Той крам, що накрав, —

 

«по-хлебниковски» кричит ворона в поэме Шевченко «Великий Льох» («Большой Погреб»; «крам» — товар). Первоиздание «Кобзаря» — 1840 год. Согласитесь, в русской поэзии того времени и вплоть до 10-х годов ХХ века таких звучаний не было.

Однако история новой украинской литературы начинается еще раньше: с 1798 года, с публикации первых трех глав «Энеиды» Котляревского (Котляревский работал над поэмой всю жизнь; полный текст вышел лишь в 1842-м, уже посмертно). Отдельные литературные памятники, созданные на основе живого народного языка, были в Украине известны и до Котляревского — почему же точкой отсчета стал именно его роскошный бурлеск? Дело не только в крупной форме, не только в богатых подробностях староукраинского быта и блеске остроумия. Котляревский первым соединил народный, собственно украинский язык с силлабо-тоническим стихом, на тот момент уже хорошо разработанным в русской поэзии.

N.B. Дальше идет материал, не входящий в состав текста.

(* Let $F_R(n)$ be the $n\times n$ Fibonacci--Redheffer matrix. Then, as $n\to\infty$, \[ \det(F_R(n))\sim C_0\,\phi^{\frac{n(n+1)}{2}}\,5^{-\frac{n}{2}}, \] where $C_0=C\cdot C_\phi\approx -0.7921376$, with $C=\lim_{n\to\infty}\sum_{k=1}^n\frac{\mu(k)}{F_k}$ and \[ C_\phi=\prod_{k=1}^{\infty}\left(1-b^k\right)\approx 1.226742,\qquad b=-\phi^{-2}. \]
   Context: The Fibonacci numbers are $F_1=F_2=1$, $F_n=F_{n-1}+F_{n-2}$ for $n\ge 3$, and $\phi=\frac{1+\sqrt5}{2}$ is the golden ratio. The Fibonacci--Redheffer matrix $F_R(n)=[F_R(i,j)]_{i,j=1}^n$ is defined by $F_R(i,j)=1$ if $j=1$; $F_R(i,j)=F_i$ if $i\mid j$; and $F_R(i,j)=0$ otherwise. $\mu$ denotes the Möbius function. For sequences, $a_n\sim b_n$ means $\lim_{n\to\infty} b_n/a_n=1$. *)

theory Defs
  imports "HOL-Analysis.Analysis" "HOL-Number_Theory.Fib"
    "HOL-Computational_Algebra.Squarefree" "HOL-Library.Landau_Symbols"
    "Jordan_Normal_Form.Determinant"
begin

text \<open>Moebius function (mu 0 = 0 by convention; only used for k >= 1).\<close>
definition moebius :: "nat \<Rightarrow> real" where
  "moebius n = (if n = 0 \<or> \<not> squarefree n then 0 else (-1) ^ card (prime_factors n))"

definition phi :: real where "phi = (1 + sqrt 5) / 2"

text \<open>Fibonacci--Redheffer matrix F_R(n), n x n; the JNF matrix is 0-indexed, so
  entry (i,j) of the JNF matrix is F_R(i+1,j+1). Library fib: fib 1 = fib 2 = 1.\<close>
definition fib_redheffer :: "nat \<Rightarrow> real mat" where
  "fib_redheffer n = mat n n (\<lambda>(i, j).
      if j + 1 = 1 then 1
      else if (i + 1) dvd (j + 1) then real (fib (i + 1)) else 0)"

definition const_C :: real where
  "const_C = lim (\<lambda>n. \<Sum>k=1..n. moebius k / real (fib k))"

definition const_C_phi :: real where
  "const_C_phi = (\<Prod>k. 1 - (- (phi powr (-2))) ^ (Suc k))"

end

theory Submission
  imports Defs
begin

(* Adding to the first row of F_R(n) the combination sum_k mu(k)/F_k (row k) clears that row
   except for its corner, which becomes S_n = sum_{k<=n} mu(k)/F_k, because the divisor sums of mu
   vanish; the remaining minor is upper triangular with diagonal F_2, ..., F_n. Hence
   det F_R(n) = S_n * F_1 * ... * F_n. Binet's formula F_k = phi^k (1 - b^k) / sqrt 5 turns the
   product into phi^(n(n+1)/2) 5^(-n/2) prod_{k<=n} (1 - b^k), whose last factor tends to
   C_phi <> 0 as |b| < 1, while S_n tends to C, which a numerical estimate shows to be
   negative. *)

section \<open>The Moebius function\<close>

lemma sum_Pow_neg_one_power_card:
  assumes "finite A" "A \<noteq> {}"
  shows "(\<Sum>X\<in>Pow A. (-1::'a::comm_ring_1) ^ card X) = 0"
proof -
  have "(\<Sum>X\<in>Pow A. (-1::'a) ^ card X) = (\<Prod>x\<in>A. 1 - 1)"
    by (subst prod_diff_conv_sum[OF assms(1)]) simp
  also have "\<dots> = 0"
    using assms by (simp add: zero_power card_gt_0_iff)
  finally show ?thesis .
qed

lemma moebius_1 [simp]: "moebius 1 = 1"
  by (simp add: moebius_def)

Но уже последователи Котляревского — Квитка-Основьяненко и в особенности Шевченко — отказались от изображения украинской жизни как по преимуществу комической; а шевченковский поиск национально-самобытных форм привел его к поэтике куда более близкой к стихии авангарда, чем любые стихи его русских современников. То, что сделал Шевченко, оказалось неотменимо: с появлением «Кобзаря» угроза раствориться в «братской» (читай: имперской) культуре свелась к нулю.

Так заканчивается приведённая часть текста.